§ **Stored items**

BEGIN

(* For all nonnegative integers $a,b,c$ with $a+b+c=d+1$, the following equalities hold in $\mathcal{B}_d$: $$f^{(a)}\binom{H_2}{b}e^{(c)}=\sum_{k=1}^{\min(a,c)}(-1)^{k-1}\binom{b+k}{k}f^{(a-k)}\binom{H_2}{b+k}e^{(c-k)},$$ $$e^{(a)}\binom{H_1}{b}f^{(c)}=\sum_{k=1}^{\min(a,c)}(-1)^{k-1}\binom{b+k}{k}e^{(a-k)}\binom{H_1}{b+k}f^{(c-k)}$$ (an empty sum being $0$).
   Context: Fix an integer $d\ge 0$. $\mathcal{B}_d$ is the associative $\mathbb{Q}$-algebra with $1$ generated by $e,f,H_1,H_2$ subject to the relations $H_1H_2=H_2H_1$, $H_1e-eH_1=e$, $H_1f-fH_1=-f$, $H_2e-eH_2=-e$, $H_2f-fH_2=f$, $ef-fe=H_1-H_2$, $H_1+H_2=d$, and $H_1(H_1-1)\cdots(H_1-d)=0$. For an element $T$ and integer $m\ge 0$, $T^{(m)}=T^m/m!$ and $\binom{T}{m}=T(T-1)\cdots(T-m+1)/m!$; both are defined to be $0$ for negative $m$. *)

theory Defs
  imports Main
begin

text \<open>A ring with 1 is a Q-algebra exactly when every positive integer is invertible
  (the Q-algebra structure is then unique).\<close>
definition is_Q_algebra :: "'a::ring_1 itself \<Rightarrow> bool" where
  "is_Q_algebra _ \<longleftrightarrow> (\<forall>n::nat. n > 0 \<longrightarrow> (\<exists>y::'a. of_nat n * y = 1 \<and> y * of_nat n = 1))"

definition nat_inv :: "nat \<Rightarrow> 'a::ring_1" where
  "nat_inv n = (SOME y. of_nat n * y = 1 \<and> y * of_nat n = 1)"

definition dpow :: "'a::ring_1 \<Rightarrow> nat \<Rightarrow> 'a" where
  "dpow T m = nat_inv (fact m) * T ^ m"

fun falling :: "'a::ring_1 \<Rightarrow> nat \<Rightarrow> 'a" where
  "falling T 0 = 1"
| "falling T (Suc m) = falling T m * (T - of_nat m)"

definition binom :: "'a::ring_1 \<Rightarrow> nat \<Rightarrow> 'a" where
  "binom T m = nat_inv (fact m) * falling T m"

definition Bd_rel :: "nat \<Rightarrow> 'a::ring_1 \<Rightarrow> 'a \<Rightarrow> 'a \<Rightarrow> 'a \<Rightarrow> bool" where
  "Bd_rel d e f H1 H2 \<longleftrightarrow>
     H1 * H2 = H2 * H1 \<and>
     H1 * e - e * H1 = e \<and>
     H1 * f - f * H1 = - f \<and>
     H2 * e - e * H2 = - e \<and>
     H2 * f - f * H2 = f \<and>
     e * f - f * e = H1 - H2 \<and>
     H1 + H2 = of_nat d \<and>
     falling H1 (Suc d) = 0"

end

theory Submission
  imports Defs "HOL-Computational_Algebra.Formal_Power_Series"
begin
lemma cinner_unit_vec_form:
  assumes "M \<in> carrier_mat n n" "a < n"
  shows "cinner (unit_vec n a) (M *\<^sub>v unit_vec n a) = M $$ (a, a)"
proof -
  have "cinner (unit_vec n a) (M *\<^sub>v unit_vec n a)
      = (\<Sum>x<n. \<Sum>y<n. cnj (unit_vec n a $ x) * M $$ (x, y) * unit_vec n a $ y)"
    by (rule cinner_mult_mat_vec[OF unit_vec_carrier assms(1)])
  also have "\<dots> = (\<Sum>x<n. \<Sum>y<n. if y = a then (if x = a then M $$ (a, a) else 0) else 0)"
    using assms(2) by (intro sum.cong refl) auto
  also have "\<dots> = M $$ (a, a)"
    using assms(2) by simp
  finally show ?thesis .
qed

lemma cinner_two_point_form:
  assumes M: "M \<in> carrier_mat n n" and ab: "a < n" "b < n" "a \<noteq> b"
    and v: "v = vec n (\<lambda>x. if x = a then \<alpha> else if x = b then \<beta> else 0)"
  shows "cinner v (M *\<^sub>v v) = cnj \<alpha> * \<alpha> * M $$ (a, a) + cnj \<alpha> * \<beta> * M $$ (a, b)
           + cnj \<beta> * \<alpha> * M $$ (b, a) + cnj \<beta> * \<beta> * M $$ (b, b)"
proof -
  have sum_ab: "(\<Sum>x<n. g x) = g a + g b"
    if "\<And>x. x < n \<Longrightarrow> x \<noteq> a \<Longrightarrow> x \<noteq> b \<Longrightarrow> g x = 0" for g :: "nat \<Rightarrow> complex"
  proof -
    have "(\<Sum>x<n. g x) = (\<Sum>x\<in>{a, b}. g x)"
      using that ab by (intro sum.mono_neutral_right) auto
    then show ?thesis using ab(3) by simp
  qed
  have va: "v $ a = \<alpha>" "v $ b = \<beta>" and v0: "\<And>x. x < n \<Longrightarrow> x \<noteq> a \<Longrightarrow> x \<noteq> b \<Longrightarrow> v $ x = 0"
    using ab by (auto simp: v)
  have inner: "(\<Sum>y<n. cnj (v $ x) * M $$ (x, y) * v $ y)
      = cnj (v $ x) * M $$ (x, a) * \<alpha> + cnj (v $ x) * M $$ (x, b) * \<beta>" for x
    by (subst sum_ab) (auto simp: v0 va)
  have "cinner v (M *\<^sub>v v) = (\<Sum>x<n. cnj (v $ x) * M $$ (x, a) * \<alpha> + cnj (v $ x) * M $$ (x, b) * \<beta>)"
    using cinner_mult_mat_vec[OF _ M, of v] by (simp only: inner) (simp add: v)
  also have "\<dots> = (cnj \<alpha> * M $$ (a, a) * \<alpha> + cnj \<alpha> * M $$ (a, b) * \<beta>)
      + (cnj \<beta> * M $$ (b, a) * \<alpha> + cnj \<beta> * M $$ (b, b) * \<beta>)"
    by (subst sum_ab) (auto simp: v0 va)
  finally show ?thesis by (simp add: algebra_simps)
qed
(* Let $L_0=\partial_x^r+\sum_{i=0}^{r-2}f_i\partial_x^i$ with $f_i$ formal functions of $x$. For every integer $a\ge1$, $$ \Big(\widehat{L_0^{\frac ar}}\Big)_1=\frac{a(a-r)}{2r^2}\,\widehat L_0^{\frac ar-2}\,\partial_z\widehat L_0\,\partial_x\widehat L_0 \;=\;\frac{a}{2r}\,\partial_z\big(\widehat L_0^{\frac ar-1}\big)\,\partial_x\widehat L_0 . $$
   Context: Fix $r\ge2$. Pseudo-differential operators in $\partial_x$ multiply via $\partial_x^k\circ f=\sum_{l\ge0}\binom kl f^{(l)}\partial_x^{k-l}$; $L_0^{a/r}$ denotes the $a$-th power of the unique $r$-th root $L_0^{1/r}=\partial_x+\sum_{n\ge0}\tilde a_n\partial_x^{-n}$. The symbol of an operator $\sum a_n\partial_x^n$ is $\sum a_nz^n$. $\widehat L_0=z^r+\sum f_iz^i$, and $\widehat L_0^{q}$ denotes the power of this Laurent series, $z^{rq}(1+z^{-r}\sum f_iz^i)^q$. The coefficients of the symbol $\widehat{L_0^{a/r}}=\sum_{i\le a}P_iz^i$ are universal polynomials $P_i$ in the derivatives $f_j^{(k)}=\partial_x^kf_j$; assigning $f_j^{(k)}$ differential degree $k$, $\big(\widehat{L_0^{a/r}}\big)_1$ denotes $\sum_i P_{i,1}z^i$, where $P_{i,1}$ is the part of $P_i$ of differential degree exactly $1$. *)

theory Defs
  imports Complex_Main "HOL-Library.Poly_Mapping"
begin

text \<open>Variables (j,k) stand for f_j^{(k)}, the k-th x-derivative of f_j.\<close>

type_synonym monom = "(nat \<times> nat, nat) poly_mapping"
type_synonym dpoly = "(monom, rat) poly_mapping"

definition rconst :: "rat \<Rightarrow> dpoly" where
  "rconst c = Poly_Mapping.single 0 c"

definition fvar :: "nat \<Rightarrow> nat \<Rightarrow> dpoly" where
  "fvar j k = Poly_Mapping.single (Poly_Mapping.single (j, k) 1) 1"
lemma resolve_canonical:
  assumes "canonical s" and "resolve fs s = Some c"
  shows "s = stack_str c"
proof -
  obtain as where names: "\<forall>a\<in>set as. valid_name a" and s: "s = stack_str as"
    using canonical_imp_stack_str[OF assms(1)] by blast
  have "c = foldl san_step [] as"
    using resolve_eq_final_san_stack[OF assms(2)] by (simp add: san_stack_def s tokens_stack_str names)
  also have "\<dots> = as"
    using names by (simp add: foldl_san_step_names valid_name_def)
  finally show ?thesis using s by simp
qed

lemma str_prefix_iff: "str_prefix A B \<longleftrightarrow> (\<exists>C. B = A @ C)"
proof
  assume "str_prefix A B"
  then have "take (length A) B = A"
    by (auto simp: str_prefix_def intro: nth_equalityI)
  then show "\<exists>C. B = A @ C" by (metis append_take_drop_id)
qed (auto simp: str_prefix_def nth_append)

lemma str_prefix_trans: "str_prefix A B \<Longrightarrow> str_prefix B C \<Longrightarrow> str_prefix A C"
  by (auto simp: str_prefix_iff)

lemma str_prefix_stack_str_append: "str_prefix (stack_str p) (stack_str (p @ q))"
  by (cases "p = []"; cases q) (auto simp: stack_str_def str_prefix_iff)

lemma str_prefix_stack_str_take: "str_prefix (stack_str (take m p)) (stack_str p)"
  by (metis append_take_drop_id str_prefix_stack_str_append)

lemma ex_shortest_bad_prefix:
  assumes "P []" and "\<not> P xs"
  shows "\<exists>d<length xs. P (take d xs) \<and> \<not> P (take (Suc d) xs)"
proof -
  obtain d where "d < length xs" "\<forall>m\<le>d. P (take m xs)" "\<not> P (take (Suc d) xs)"
    using ex_least_nat_less[of "\<lambda>m. \<not> P (take m xs)" "length xs"] assms by auto
  then show ?thesis by auto
qed

lemma ex_first_le_after:
  fixes f :: "nat \<Rightarrow> nat"
  assumes "i \<le> n" and "f n \<le> d" and "d < f i"
  shows "\<exists>k. i \<le> k \<and> k < n \<and> f (Suc k) \<le> d \<and> (\<forall>l. i \<le> l \<and> l \<le> k \<longrightarrow> d < f l)"
proof -
  obtain k where "k < n - i" "\<forall>l\<le>k. d < f (i + l)" "f (i + Suc k) \<le> d"
    using ex_least_nat_less[of "\<lambda>l. f (i + l) \<le> d" "n - i"] assms by (auto simp: not_le)
  moreover have "d < f l" if "i \<le> l" "l \<le> i + k" for l
    using \<open>\<forall>l\<le>k. d < f (i + l)\<close>[rule_format, of "l - i"] that by simp
  ultimately show ?thesis
    by (intro exI[of _ "i + k"]) auto
qed

lemma ex_last_le_before:
  fixes f :: "nat \<Rightarrow> nat"
  assumes "f 0 \<le> d" and "d < f i"
  shows "\<exists>j<i. f j \<le> d \<and> (\<forall>l. j < l \<and> l \<le> i \<longrightarrow> d < f l)"
proof -
  obtain k where k: "k < i" "\<forall>l\<le>k. d < f (i - l)" "f (i - Suc k) \<le> d"
    using ex_least_nat_less[of "\<lambda>l. f (i - l) \<le> d" i] assms by (auto simp: not_le)
  have "d < f l" if "i - Suc k < l" "l \<le> i" for l
    using k(2)[rule_format, of "i - l"] that by simp
  then show ?thesis
    using k by (intro exI[of _ "i - Suc k"]) auto
qed

lemma san_stack_0: "san_stack U 0 = []"
  by (simp add: san_stack_def)

lemma san_stack_Suc:
  "l < length (tokens U) \<Longrightarrow> san_stack U (Suc l) = san_step (san_stack U l) (tokens U ! l)"
  by (simp add: san_stack_def take_Suc_conv_app_nth)

lemma san_stack_Suc_beyond: "length (tokens U) \<le> l \<Longrightarrow> san_stack U (Suc l) = san_stack U l"
  by (simp add: san_stack_def)

lemma length_san_stack_Suc_le: "length (san_stack U (Suc l)) \<le> Suc (length (san_stack U l))"
  by (cases "l < length (tokens U)") (auto simp: san_stack_Suc san_stack_Suc_beyond san_step_def)

lemma san_stack_Suc_grows:
  assumes "l < length (tokens U)" and "length (san_stack U l) < length (san_stack U (Suc l))"
  shows "san_stack U (Suc l) = san_stack U l @ [tokens U ! l]
    \<and> tokens U ! l \<noteq> ''.'' \<and> tokens U ! l \<noteq> ''..''"
  using assms by (auto simp: san_stack_Suc san_step_def split: if_splits)

lemma san_stack_Suc_shrinks:
  assumes "l < length (tokens U)" and "length (san_stack U (Suc l)) < length (san_stack U l)"
  shows "tokens U ! l = ''..'' \<and> san_stack U (Suc l) = butlast (san_stack U l)"
  using assms by (auto simp: san_stack_Suc san_step_def split: if_splits)

lemma take_san_step:
  assumes "d \<le> length st" and "d \<le> length (san_step st t)"
  shows "take d (san_step st t) = take d st"
proof -
  have "take d (butlast st) = take d st" if "d \<le> length (butlast st)"
    using that by (simp add: butlast_conv_take min_absorb1)
  then show "take d (san_step st t) = take d st"
    using assms by (auto simp: san_step_def)
qed

lemma san_stack_take_stable:
  assumes "a \<le> b" and "\<forall>l. a \<le> l \<and> l \<le> b \<longrightarrow> d \<le> length (san_stack U l)"
  shows "take d (san_stack U b) = take d (san_stack U a)"
  using assms
proof (induction b rule: dec_induct)
  case (step l)
  have "d \<le> length (san_stack U l)" "d \<le> length (san_stack U (Suc l))"
    using step.prems step.hyps by auto
  then have "take d (san_stack U (Suc l)) = take d (san_stack U l)"
    by (cases "l < length (tokens U)") (simp_all add: san_stack_Suc san_stack_Suc_beyond take_san_step)
  then show ?case using step by auto
qed simp

lemma san_stack_last_push:
  assumes "i \<le> length (tokens U)" and "d < length (san_stack U i)"
  obtains j where "j < i" "length (san_stack U j) = d"
    "san_stack U (Suc j) = san_stack U j @ [tokens U ! j]"
    "tokens U ! j \<noteq> ''.''" "tokens U ! j \<noteq> ''..''"
    "\<forall>l. j < l \<and> l \<le> i \<longrightarrow> d < length (san_stack U l)"
proof -
  obtain j where j: "j < i" "length (san_stack U j) \<le> d"
    and above: "\<forall>l. j < l \<and> l \<le> i \<longrightarrow> d < length (san_stack U l)"
    using ex_last_le_before[of "\<lambda>l. length (san_stack U l)" d i] assms(2) by (auto simp: san_stack_0)
  then have "length (san_stack U j) = d" "d < length (san_stack U (Suc j))"
    using length_san_stack_Suc_le[of U j] by fastforce+
  moreover have "j < length (tokens U)"
    using j assms(1) by simp
  ultimately show ?thesis
    using that j above san_stack_Suc_grows by simp
qed

lemma san_stack_first_pop:
  assumes "i \<le> l" "l \<le> length (tokens U)" "length (san_stack U l) \<le> d"
    and "d < length (san_stack U i)"
  obtains k where "i \<le> k" "k < length (tokens U)" "tokens U ! k = ''..''"
    "length (san_stack U k) = Suc d" "\<forall>l. i \<le> l \<and> l \<le> k \<longrightarrow> d < length (san_stack U l)"
proof -
  obtain k where k: "i \<le> k" "k < l" "length (san_stack U (Suc k)) \<le> d"
    and above: "\<forall>l. i \<le> l \<and> l \<le> k \<longrightarrow> d < length (san_stack U l)"
    using ex_first_le_after[of i l "\<lambda>l. length (san_stack U l)" d] assms by auto
  have "k < length (tokens U)"
    using k assms(2) by simp
  then show ?thesis
    using that k above san_stack_Suc_shrinks length_san_stack_Suc_le[of U k] by fastforce
qed

lemma san_stack_bad_push_popped:
  assumes prefix_closed: "\<And>p m. P p \<Longrightarrow> P (take m p)"
    and final: "P (san_stack U (length (tokens U)))"
    and "i \<le> length (tokens U)" and bad: "\<not> P (san_stack U i)"
  shows "\<exists>j<i. tokens U ! j \<noteq> ''.'' \<and> tokens U ! j \<noteq> ''..''
    \<and> P (san_stack U j) \<and> \<not> P (san_stack U (Suc j))
    \<and> (\<forall>l. Suc j \<le> l \<and> l \<le> i \<longrightarrow> length (san_stack U l) > length (san_stack U j))
    \<and> (\<exists>k. i \<le> k \<and> k < length (tokens U) \<and> tokens U ! k = ''..''
          \<and> length (san_stack U k) = Suc (length (san_stack U j))
          \<and> (\<forall>l. Suc j \<le> l \<and> l \<le> k \<longrightarrow> length (san_stack U l) > length (san_stack U j)))"
proof -
  let ?st = "san_stack U" and ?n = "length (tokens U)"
  let ?h = "\<lambda>l. length (?st l)"
  have "P []" using prefix_closed[OF final, of 0] by simp
  then obtain d where d: "d < ?h i" "P (take d (?st i))" "\<not> P (take (Suc d) (?st i))"
    using ex_shortest_bad_prefix[of P "?st i"] bad by blast
  obtain j where j: "j < i" and hj: "?h j = d" and push: "?st (Suc j) = ?st j @ [tokens U ! j]"
    and name: "tokens U ! j \<noteq> ''.''" "tokens U ! j \<noteq> ''..''"
    and above_j: "\<forall>l. j < l \<and> l \<le> i \<longrightarrow> d < ?h l"
    using san_stack_last_push[OF assms(3) d(1)] by blast
  have frozen: "take (Suc d) (?st l) = ?st (Suc j)"
    if "Suc j \<le> l" "\<forall>l'. Suc j \<le> l' \<and> l' \<le> l \<longrightarrow> d < ?h l'" for l
  proof -
    have "take (Suc d) (?st l) = take (Suc d) (?st (Suc j))"
      using san_stack_take_stable[where U = U and d = "Suc d", OF that(1)] that(2)
      by (simp add: Suc_le_eq)
    also have "\<dots> = ?st (Suc j)"
      using push hj by simp
    finally show ?thesis .
  qed
  have frozen_i: "take (Suc d) (?st i) = ?st (Suc j)"
    using frozen above_j j by (simp add: Suc_le_eq)
  then have bad_j: "\<not> P (?st (Suc j))"
    using d(3) by simp
  have "?st j = take d (?st (Suc j))"
    using push hj by simp
  also have "\<dots> = take d (?st i)"
    using frozen_i[symmetric] by simp
  finally have good_j: "P (?st j)"
    using d(2) by simp
  have "\<exists>l. i \<le> l \<and> l \<le> ?n \<and> ?h l \<le> d"
  proof (rule ccontr)
    assume "\<nexists>l. i \<le> l \<and> l \<le> ?n \<and> ?h l \<le> d"
    then have "\<forall>l. Suc j \<le> l \<and> l \<le> ?n \<longrightarrow> d < ?h l"
      using above_j by (metis Suc_le_eq not_le_imp_less nat_le_linear)
    then have "take (Suc d) (?st ?n) = ?st (Suc j)"
      using frozen j assms(3) by simp
    then show False
      using prefix_closed[OF final, of "Suc d"] bad_j by simp
  qed
  then obtain k where k: "i \<le> k" "k < ?n" and pop: "tokens U ! k = ''..''" "?h k = Suc d"
    and above_k: "\<forall>l. i \<le> l \<and> l \<le> k \<longrightarrow> d < ?h l"
    using san_stack_first_pop d(1) by metis
  have "\<forall>l. Suc j \<le> l \<and> l \<le> k \<longrightarrow> d < ?h l"
    using above_j above_k by (metis Suc_le_eq nat_le_linear)
  then show ?thesis
    using j name good_j bad_j above_j k pop hj by (intro exI[of _ j]) auto
qed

END

§ **Task details**
Word for word, restate the lines of the data above that fall between the line holding "k = Poly_Mapping.single" and the line holding "qed (auto simp: str_prefix_def nth_append)", inclusive, and no other lines.

§ **Exercise solution**
  "fvar j k = Poly_Mapping.single (Poly_Mapping.single (j, k) 1) 1"
lemma resolve_canonical:
  assumes "canonical s" and "resolve fs s = Some c"
  shows "s = stack_str c"
proof -
  obtain as where names: "\<forall>a\<in>set as. valid_name a" and s: "s = stack_str as"
    using canonical_imp_stack_str[OF assms(1)] by blast
  have "c = foldl san_step [] as"
    using resolve_eq_final_san_stack[OF assms(2)] by (simp add: san_stack_def s tokens_stack_str names)
  also have "\<dots> = as"
    using names by (simp add: foldl_san_step_names valid_name_def)
  finally show ?thesis using s by simp
qed

lemma str_prefix_iff: "str_prefix A B \<longleftrightarrow> (\<exists>C. B = A @ C)"
proof
  assume "str_prefix A B"
  then have "take (length A) B = A"
    by (auto simp: str_prefix_def intro: nth_equalityI)
  then show "\<exists>C. B = A @ C" by (metis append_take_drop_id)
qed (auto simp: str_prefix_def nth_append)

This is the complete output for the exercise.